Ritonavir is a potent protease inhibitor recently approved by the U.S. Food and Drug Administration and the European Agency for the Evaluation of Medical Products for the treatment of human immunodeficiency virus (HIV) infecton. Its mechanism of action is well-known, but its pharmacokinetics are still uncertain. Ritonavir interacts with many drugs due to its hepatic metabolism (1, 5). We report a case of ergotism in a patient in whom treatment with ritonavir was recently begun.
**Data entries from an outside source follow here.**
text \<open>Test matrices \<open>[[1, x], [y, 1]]\<close> whose image is \<open>[[1, k], [k, 1]]\<close>, with eigenvalue
  \<open>1 + k\<close>, force \<open>(k - R) (k - T) = k\<^sup>2\<close> for \<open>R = b\<^sub>1 + b\<^sub>4\<close>, \<open>T = c\<^sub>1 + c\<^sub>4\<close>.\<close>

lemma diag_case_identity_image: "b1 + b4 = 0" "c1 + c4 = 0"
proof -
  define R where "R = b1 + b4"
  define T where "T = c1 + c4"
  note off = off_diag_images(1-4) diag_case_off_diag
  have prod: "(k - R) * (k - T) = k\<^sup>2" if "k \<noteq> 0" for k
  proof -
    define x where "x = (k - R) / b2"
    define y where "y = (k - T) * b2"
    have "y * c3 = k - T" using off by (simp add: y_def mult.assoc)
    then have "1*a1 + x*a2 + y*a3 + 1*a4 = 1" "1*b1 + x*b2 + y*b3 + 1*b4 = k"
      "1*c1 + x*c2 + y*c3 + 1*c4 = k" "1*d1 + x*d2 + y*d3 + 1*d4 = 1"
      using off identity_image c2 by (simp_all add: x_def R_def T_def)
    then have "pareto_eig 1 x y 1 (1 + k) \<longleftrightarrow> pareto_eig 1 k k 1 (1 + k)"
      using preserves[of 1 x y 1 "1 + k"] by simp
    moreover have "pareto_eig 1 k k 1 (1 + k)" by (rule pareto_eigI_pos[of 1]) auto
    ultimately have "x * y = (1 + k - 1) * (1 + k - 1)"
      by (intro pareto_eig_off_diag_prod) (use that in auto)
    then show ?thesis using off by (simp add: x_def y_def power2_eq_square)
  qed
  have "R * T = R + T" "R * T = 2 * (R + T)"
    using prod[of 1] prod[of 2] by (simp_all add: algebra_simps power2_eq_square)
  then have "T = - R" by (simp add: algebra_simps)
  with \<open>R * T = R + T\<close> have "R = 0" "T = 0" by simp_all
  then show "b1 + b4 = 0" "c1 + c4 = 0" by (simp_all add: R_def T_def)
qed

text \<open>For a test matrix \<open>[[1, x], [y, 0]]\<close> with Pareto eigenvalue \<open>l \<notin> {0, 1}\<close> the image has
  off-diagonal product \<open>(l - a\<^sub>1) (l - d\<^sub>1)\<close>; four such tests determine \<open>b\<^sub>1 c\<^sub>3\<close>, \<open>b\<^sub>2 c\<^sub>1\<close>
  and \<open>a\<^sub>1 + d\<^sub>1\<close>.\<close>

lemma diag_case_unit11_image: "a1 = 1" "d1 = 0" "b1 = 0" "c1 = 0"
proof -
  note off = off_diag_images(1-4) diag_case_off_diag
  have test: "(b1 + x * b2) * (c1 + y * c3) = (l - a1) * (l - d1)"
    if "pareto_eig 1 x y 0 l" "l \<noteq> 0" "l \<noteq> 1" for x y l
  proof (rule pareto_eig_off_diag_prod)
    show "pareto_eig a1 (b1 + x * b2) (c1 + y * c3) d1 l"
      using preserves[of 1 x y 0 l] that(1) off c2 by simp
    show "l \<noteq> a1" "l \<noteq> d1" using unit11_image that by auto
  qed
  have t1: "pareto_eig 1 1 2 0 2" and t3: "pareto_eig 1 2 3 0 3"
    by (rule pareto_eigI_pos[of 1]; simp)+
  have t2: "pareto_eig 1 2 1 0 2" by (rule pareto_eigI_pos[of 2]) simp_all
  have t4: "pareto_eig 1 1 6 0 3" by (rule pareto_eigI_pos[of "1/2"]) simp_all
  have "(b1 + b2) * (c1 + 2 * c3) = (2 - a1) * (2 - d1)"
    "(b1 + 2 * b2) * (c1 + c3) = (2 - a1) * (2 - d1)"
    "(b1 + 2 * b2) * (c1 + 3 * c3) = (3 - a1) * (3 - d1)"
    "(b1 + b2) * (c1 + 6 * c3) = (3 - a1) * (3 - d1)"
    using test[OF t1] test[OF t2] test[OF t3] test[OF t4] by simp_all
  then have v: "b1*c1 + 2*(b1*c3) + b2*c1 + 2 = (2 - a1) * (2 - d1)"
    "b1*c1 + b1*c3 + 2*(b2*c1) + 2 = (2 - a1) * (2 - d1)"
    "b1*c1 + 3*(b1*c3) + 2*(b2*c1) + 6 = (3 - a1) * (3 - d1)"
    "b1*c1 + 6*(b1*c3) + b2*c1 + 6 = (3 - a1) * (3 - d1)"
    using off by (simp_all add: algebra_simps)
  have "(2 - a1) * (2 - d1) + 4 = (3 - a1) * (3 - d1)" using v by linarith
  then have "a1 + d1 = 1" by (simp add: algebra_simps)
  have "b1 * c3 = 0" "b2 * c1 = 0" using v by linarith+
  then show b1: "b1 = 0" and c1: "c1 = 0" using off by auto
  have "\<not> (a1 = 0 \<and> d1 = 1)"
  proof
    assume "a1 = 0 \<and> d1 = 1"
    then have "pareto_eig a1 (b1 + b2) (c1 - c3) d1 1" using off b1 by (simp add: pareto_eig_def)
    then have "pareto_eig 1 1 (-1) 0 1" using preserves[of 1 1 "-1" 0 1] off c2 by simp
    then show False by (auto simp: pareto_eig_def)
  qed
  then show "a1 = 1" "d1 = 0" using unit11_image \<open>a1 + d1 = 1\<close> by auto
qed

lemma diag_case_images: "a1 = 1" "b1 = 0" "c1 = 0" "d1 = 0" "a4 = 0" "b4 = 0" "c4 = 0" "d4 = 1"
  using diag_case_unit11_image diag_case_identity_image identity_image by auto

end

lemma classification:
  obtains (scaling) "a1 = 1" "b1 = 0" "c1 = 0" "d1 = 0" "a2 = 0" "b2 > 0" "c2 = 0" "d2 = 0"
    "a3 = 0" "b3 = 0" "b2 * c3 = 1" "d3 = 0" "a4 = 0" "b4 = 0" "c4 = 0" "d4 = 1"
  | (exchange) "a1 = 0" "b1 = 0" "c1 = 0" "d1 = 1" "a2 = 0" "b2 = 0" "c2 > 0" "d2 = 0"
    "a3 = 0" "b3 * c2 = 1" "c3 = 0" "d3 = 0" "a4 = 1" "b4 = 0" "c4 = 0" "d4 = 0"
proof -
  interpret swapped: pareto_preserver a4 a3 a2 a1 b4 b3 b2 b1 c4 c3 c2 c1 d4 d3 d2 d1
    by (rule swap_input)
  have "c2 = 0 \<or> c3 = 0" using off_diag_images(5-7) by auto
  then show thesis
  proof
    assume "c2 = 0"
    show thesis
      by (rule that(1))
        (use \<open>c2 = 0\<close> off_diag_images diag_case_off_diag diag_case_images in simp_all)
  next
    assume "c3 = 0"
    then have "b2 = 0" "b3 > 0" "b3 * c2 = 1" "c2 > 0"
      using swapped.diag_case_off_diag off_diag_images(9) by auto
    then show thesis
      by (intro that(2)) (use \<open>c3 = 0\<close> off_diag_images swapped.diag_case_images in simp_all)
  qed
qed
The patient, a 63-year-old man, had long suffered from migraines and had taken ergotamine tartrate over the last 5 years (1 to 2 mg/day). He had HIV infection (B3 stage) and was being treated with zidovudine (200 mg/8 h), zalcitabine (0.75 mg/8 h), and co-trimoxazole. In April 1996, zalcitabine was withdrawn due to tingling and burning in both the patient’s hands. The patient began treatment with zidovudine (250 mg/12 h), didanosine (200 mg/12 h), and ritonavir (600 mg/12 h). Ten days after beginning this treatment, he began having severe symptoms characterized by subacute pain, paresthesias, skin paleness alternating with areas of cyanosis, and coldness in both arms. He was admitted to Hospital Universitario Virgen del Rocı´o 1 week later. Physical examination revealed an absence of axillary, brachial, radial, and ulnar pulses in both arms, paresis and semiflexion of fingers of both hands, and a few petechial lesions on the dorsum of the left hand. An arterial doppler test was performed, and it revealed the absence of flow in both radial and ulnar arteries. Treatment with prostaglandin E1 (500 mg/12 h intravenously for 3 days) and calcic nadroparin (15,000 U/12 h subcutaneously) was begun promptly. Ritonavir and ergotamine were withdrawn. Pain, paleness, cyanosis, and coldness disappeared 3 days later. Paresis of interosseous, thenar, and hypothenar musculature and long flexors of fingers of both hands remained as sequels.